I might have added that even Defense Secretary Robert Gates is opposed to the Raptor program, which has been soaking up federal cash for Boeing and other contractors since 1991. As for strategy, it’s a fact that the U.S. fleet of F-15s and F-16s is more than adequate for confronting any potential adversary, even those to whom we have sold F-15s and F-16s. In the Mideast, we’ve seen that the F-16 is more than adequate for blowing up buildings full of “insurgents” and their children.

As for economic impact, the website appears to count every job that is theoretically touched by Raptor money — such as the cashier at the convenience store where the waiter buys gas who works at the lunch counter where a dozen Boeing employees often eat — as if every one of those jobs will be imperiled by the Raptor program’s cancellation.

One might argue that spending money on the Raptor will stimulate the economy just like all the other items in the stimulus package. But in fact, Pentagon procurements for military hardware really function as a massive socialist economy in the middle of a relatively open capitalist market. The federal government (with other governments it approves of) is the only lawful consumer of these goods. In other words, spending on military hardware supports a workforce, but produces nothing for the marketplace, and must be funded by tax revenue.
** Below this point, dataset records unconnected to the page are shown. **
(* Let $T=2^m$, $d\ge1$, $u_{1:T}\in(\mathbb{R}^d)^T$, $\bar u=\frac1T\sum_{t=1}^Tu_t$, and $\bar S=\sum_{t=1}^T\|u_t-\bar u\|_2$. Then for every scale $j^*\in[1:m]$, $\bar S^{(j^* )}\le\bar S$, where $\bar S^{(j^* )}$ is defined in the context.
   Context: Haar features for $T=2^m$: for scale $j\in[1:m]$ and location $l\in[1:2^{-j}T]$, $h^{(j,l)}\in\mathbb{R}^T$ has $t$-th entry $1$ for $t\in[2^j(l-1)+1:2^j(l-1)+2^{j-1}]$, $-1$ for $t\in[2^j(l-1)+2^{j-1}+1:2^jl]$, and $0$ otherwise; normalized $\tilde h^{(j,l)}=2^{-j/2}h^{(j,l)}$. For $i\in[1:d]$, $u^{(i)}_{1:T}\in\mathbb{R}^T$ is the sequence of $i$-th coordinates of $u_1,\ldots,u_T$. Coefficient $\hat u^{(j,l)}\in\mathbb{R}^d$ has $i$-th entry $\langle\tilde h^{(j,l)},u^{(i)}_{1:T}\rangle$. Detail sequences: $z^{(j,l)}_t=\hat u^{(j,l)}\tilde h^{(j,l)}_t$, $z^{(j)}=\sum_l z^{(j,l)}$, and $\bar S^{(j)}=\sum_{t=1}^T\|z^{(j)}_t\|_2$. *)

theory Defs
  imports "HOL-Analysis.Analysis"
begin

text \<open>Vectors in R^d are rendered as real^'d (Euclidean norm). Sequences u_1..u_T
  are functions nat => real^'d, only values at t in {1..T} matter.\<close>

definition haar :: "nat \<Rightarrow> nat \<Rightarrow> nat \<Rightarrow> real" where
  "haar j l t =
     (if 2^j * (l - 1) + 1 \<le> t \<and> t \<le> 2^j * (l - 1) + 2^(j - 1) then 1
      else if 2^j * (l - 1) + 2^(j - 1) + 1 \<le> t \<and> t \<le> 2^j * l then -1
      else 0)"

definition haar_norm :: "nat \<Rightarrow> nat \<Rightarrow> nat \<Rightarrow> real" where
  "haar_norm j l t = 2 powr (- real j / 2) * haar j l t"

definition haar_coef :: "nat \<Rightarrow> (nat \<Rightarrow> real^'d) \<Rightarrow> nat \<Rightarrow> nat \<Rightarrow> real^'d" where
  "haar_coef T u j l = (\<chi> i. \<Sum>t = 1..T. haar_norm j l t * (u t $ i))"

definition detail_jl :: "nat \<Rightarrow> (nat \<Rightarrow> real^'d) \<Rightarrow> nat \<Rightarrow> nat \<Rightarrow> nat \<Rightarrow> real^'d" where
  "detail_jl T u j l t = haar_norm j l t *\<^sub>R haar_coef T u j l"

definition detail :: "nat \<Rightarrow> (nat \<Rightarrow> real^'d) \<Rightarrow> nat \<Rightarrow> nat \<Rightarrow> real^'d" where
  "detail T u j t = (\<Sum>l = 1..T div 2^j. detail_jl T u j l t)"

definition detail_S :: "nat \<Rightarrow> (nat \<Rightarrow> real^'d) \<Rightarrow> nat \<Rightarrow> real" where
  "detail_S T u j = (\<Sum>t = 1..T. norm (detail T u j t))"

end

theory Submission
  imports Defs
begin

text \<open>
  Every Haar feature of scale \<open>j \<ge> 1\<close> has mean zero, so the coefficient \<open>\<hat>u^(j,l)\<close> does not
  change when a fixed vector \<open>c\<close> is subtracted from all \<open>u_t\<close>. Hence \<open>\<hat>u^(j,l)\<close> has norm at most
  \<open>2^(-j/2)\<close> times the sum of \<open>\<parallel>u_t - c\<parallel>\<close> over the block \<open>B_l\<close> of length \<open>2^j\<close>, while the
  detail sequence \<open>z^(j,l)\<close> has total norm \<open>2^(j/2) \<parallel>\<hat>u^(j,l)\<parallel>\<close>. As the blocks are disjoint,
  the triangle inequality gives \<open>S^(j) \<le> \<Sum>_t \<parallel>u_t - c\<parallel>\<close> for every \<open>c\<close>, in particular for the mean.
\<close>

lemma abs_haar_le_1: "\<bar>haar j l t\<bar> \<le> 1"
  by (simp add: haar_def)

lemma haar_nonzero_imp_in_block:
  assumes "1 \<le> l" "haar j l t \<noteq> 0"
  shows "2^j * (l - 1) + 1 \<le> t \<and> t \<le> 2^j * l"
proof -
  have "2^j * (l - 1) + 2^j = (2::nat)^j * l"
    using assms(1) by (cases l) auto
  moreover have "(2::nat)^(j - 1) \<le> 2^j"
    by simp
  ultimately have "2^j * (l - 1) + 2^(j - 1) \<le> (2::nat)^j * l"
    by linarith
  then show ?thesis
    using assms(2) unfolding haar_def by (auto split: if_splits)
qed

lemma haar_nonzero_imp_block_index:
  assumes "1 \<le> l" "haar j l t \<noteq> 0"
  shows "l = (t - 1) div 2^j + 1"
proof -
  have "2^j * (l - 1) \<le> t - 1" "t - 1 < 2^j * (l - 1) + 2^j"
    using haar_nonzero_imp_in_block[OF assms] assms(1) by (auto simp: algebra_simps)
  then have "(t - 1) div 2^j = l - 1"
    by (simp add: div_nat_eqI mult.commute)
  then show ?thesis
    using assms(1) by simp
qed

lemma sum_abs_haar_le:
  assumes "1 \<le> l" "finite A"
  shows "(\<Sum>t\<in>A. \<bar>haar j l t\<bar>) \<le> 2^j"
proof -
  let ?B = "{2^j * (l - 1) + 1 .. 2^j * l}"
  have "(\<Sum>t\<in>A. \<bar>haar j l t\<bar>) = (\<Sum>t\<in>A \<inter> ?B. \<bar>haar j l t\<bar>)"
    using assms haar_nonzero_imp_in_block[OF assms(1)] by (intro sum.mono_neutral_right) auto
  also have "\<dots> \<le> card (A \<inter> ?B)"
    using sum_mono[of "A \<inter> ?B" "\<lambda>t. \<bar>haar j l t\<bar>" "\<lambda>_. 1"] abs_haar_le_1 by simp
  also have "\<dots> \<le> card ?B"
    by (intro of_nat_mono card_mono) auto
  also have "card ?B = 2^j"
    using assms(1) by (cases l) auto
  finally show ?thesis
    by simp
qed

lemma sum_haar_eq_0:
  assumes "1 \<le> j" "1 \<le> l" "2^j * l \<le> N"
  shows "(\<Sum>t = 1..N. haar j l t) = 0"
proof -
  define a where "a = 2^j * (l - 1)"
  define h where "h = (2::nat)^(j - 1)"
  have two_h: "(2::nat)^j = 2 * h"
    unfolding h_def using assms(1) by (cases j) auto
  have block_end: "2^j * l = a + 2 * h"
    unfolding a_def using assms(2) by (cases l) (auto simp: two_h[symmetric])
  have haar_eq: "haar j l t = (if a + 1 \<le> t \<and> t \<le> a + h then 1
      else if a + h + 1 \<le> t \<and> t \<le> a + 2 * h then -1 else 0)" for t
    unfolding haar_def a_def[symmetric] h_def[symmetric] block_end ..
  have "(\<Sum>t = 1..N. haar j l t) = (\<Sum>t\<in>{a + 1..a + h} \<union> {a + h + 1..a + 2 * h}. haar j l t)"
    using assms block_end by (intro sum.mono_neutral_right) (auto simp: haar_eq)
  also have "\<dots> = (\<Sum>t\<in>{a + 1..a + h}. 1) + (\<Sum>t\<in>{a + h + 1..a + 2 * h}. -1)"
    by (subst sum.union_disjoint) (auto intro!: arg_cong2[where f = "(+)"] sum.cong simp: haar_eq)
  finally show ?thesis
    by simp
qed

lemma sum_abs_haar_over_blocks_le_1: "(\<Sum>l = 1..K. \<bar>haar j l t\<bar>) \<le> 1"
proof -
  let ?l = "(t - 1) div 2^j + 1"
  have "(\<Sum>l = 1..K. \<bar>haar j l t\<bar>) = (\<Sum>l\<in>{1..K} \<inter> {?l}. \<bar>haar j l t\<bar>)"
    using haar_nonzero_imp_block_index by (intro sum.mono_neutral_right) fastforce+
  also have "\<dots> \<le> 1"
    by (cases "?l \<in> {1..K}") (auto simp: abs_haar_le_1)
  finally show ?thesis .
qed

lemma haar_coef_eq:
  "haar_coef T u j l = 2 powr (- real j / 2) *\<^sub>R (\<Sum>t = 1..T. haar j l t *\<^sub>R u t)"
  by (simp add: haar_coef_def haar_norm_def vec_eq_iff sum_component sum_distrib_left mult.assoc)

lemma haar_coef_eq_centered:
  assumes "1 \<le> j" "1 \<le> l" "2^j * l \<le> T"
  shows "haar_coef T u j l = 2 powr (- real j / 2) *\<^sub>R (\<Sum>t = 1..T. haar j l t *\<^sub>R (u t - c))"
proof -
  have "(\<Sum>t = 1..T. haar j l t *\<^sub>R (u t - c))
      = (\<Sum>t = 1..T. haar j l t *\<^sub>R u t) - (\<Sum>t = 1..T. haar j l t) *\<^sub>R c"
    by (simp add: scaleR_diff_right sum_subtractf scaleR_sum_left)
  then show ?thesis
    unfolding sum_haar_eq_0[OF assms] by (simp add: haar_coef_eq)
qed

lemma sum_norm_detail_jl_le:
  assumes "1 \<le> j" "1 \<le> l" "2^j * l \<le> T"
  shows "(\<Sum>t = 1..T. norm (detail_jl T u j l t)) \<le> (\<Sum>t = 1..T. \<bar>haar j l t\<bar> * norm (u t - c))"
proof -
  define p :: real where "p = 2 powr (- real j / 2)"
  have p_pos: "p > 0"
    by (simp add: p_def)
  have p_sq: "p * 2^j * p = 1"
    by (simp add: p_def powr_add[symmetric] powr_minus powr_realpow field_simps)
  have "(\<Sum>t = 1..T. norm (detail_jl T u j l t))
      = p * (\<Sum>t = 1..T. \<bar>haar j l t\<bar>) * norm (haar_coef T u j l)"
    by (simp add: detail_jl_def haar_norm_def abs_mult p_def sum_distrib_left sum_distrib_right
        mult.assoc)
  also have "\<dots> \<le> p * 2^j * norm (haar_coef T u j l)"
    using p_pos assms(2) by (intro mult_right_mono mult_left_mono sum_abs_haar_le) auto
  also have "norm (haar_coef T u j l) = p * norm (\<Sum>t = 1..T. haar j l t *\<^sub>R (u t - c))"
    using p_pos by (simp add: haar_coef_eq_centered[OF assms, of u c] p_def)
  also have "norm (\<Sum>t = 1..T. haar j l t *\<^sub>R (u t - c)) \<le> (\<Sum>t = 1..T. \<bar>haar j l t\<bar> * norm (u t - c))"
    by (rule order.trans[OF norm_sum]) simp
  finally show ?thesis
    using p_pos by (simp add: mult.assoc[symmetric] p_sq mult_left_mono)
qed

theorem detail_S_le_sum_norm_diff:
  assumes "1 \<le> j"
  shows "detail_S T u j \<le> (\<Sum>t = 1..T. norm (u t - c))"
proof -
  let ?K = "T div 2^j"
  have block_le: "2^j * l \<le> T" if "l \<in> {1..?K}" for l
  proof -
    have "2^j * l \<le> 2^j * ?K"
      using that by simp
    also have "\<dots> \<le> T"
      by simp
    finally show ?thesis .
  qed
  have "detail_S T u j \<le> (\<Sum>t = 1..T. \<Sum>l = 1..?K. norm (detail_jl T u j l t))"
    unfolding detail_S_def detail_def by (intro sum_mono norm_sum)
  also have "\<dots> = (\<Sum>l = 1..?K. \<Sum>t = 1..T. norm (detail_jl T u j l t))"
    by (rule sum.swap)
  also have "\<dots> \<le> (\<Sum>l = 1..?K. \<Sum>t = 1..T. \<bar>haar j l t\<bar> * norm (u t - c))"
    using assms block_le by (intro sum_mono sum_norm_detail_jl_le) auto
  also have "\<dots> = (\<Sum>t = 1..T. (\<Sum>l = 1..?K. \<bar>haar j l t\<bar>) * norm (u t - c))"
    by (subst sum.swap) (simp add: sum_distrib_right)
  also have "\<dots> \<le> (\<Sum>t = 1..T. norm (u t - c))"
    by (intro sum_mono mult_left_le_one_le sum_abs_haar_over_blocks_le_1) auto
  finally show ?thesis .
qed

theorem lemma8:
  fixes m j :: nat and u :: "nat \<Rightarrow> real^'d"
  assumes "1 \<le> j" and "j \<le> m"
  shows "detail_S (2^m) u j
           \<le> (\<Sum>t = 1..2^m. norm (u t - (1 / real (2^m)) *\<^sub>R (\<Sum>s = 1..2^m. u s)))"
  using detail_S_le_sum_norm_diff[OF assms(1)] .

end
After leaving my contact info at preserveraptorjobs.com, I can’t wait to see what other appeals I am asked to send. I noticed that the site contained no information identifying its creators or their goals, so I suspect it was put up by a Washington PR firm. Their next campaign will no doubt be on behalf of whoever pays. Perhaps a defense of executive pay? Help for our good friends the Saudis? Or a reprise of “drill, baby, drill”?

I can hardly wait.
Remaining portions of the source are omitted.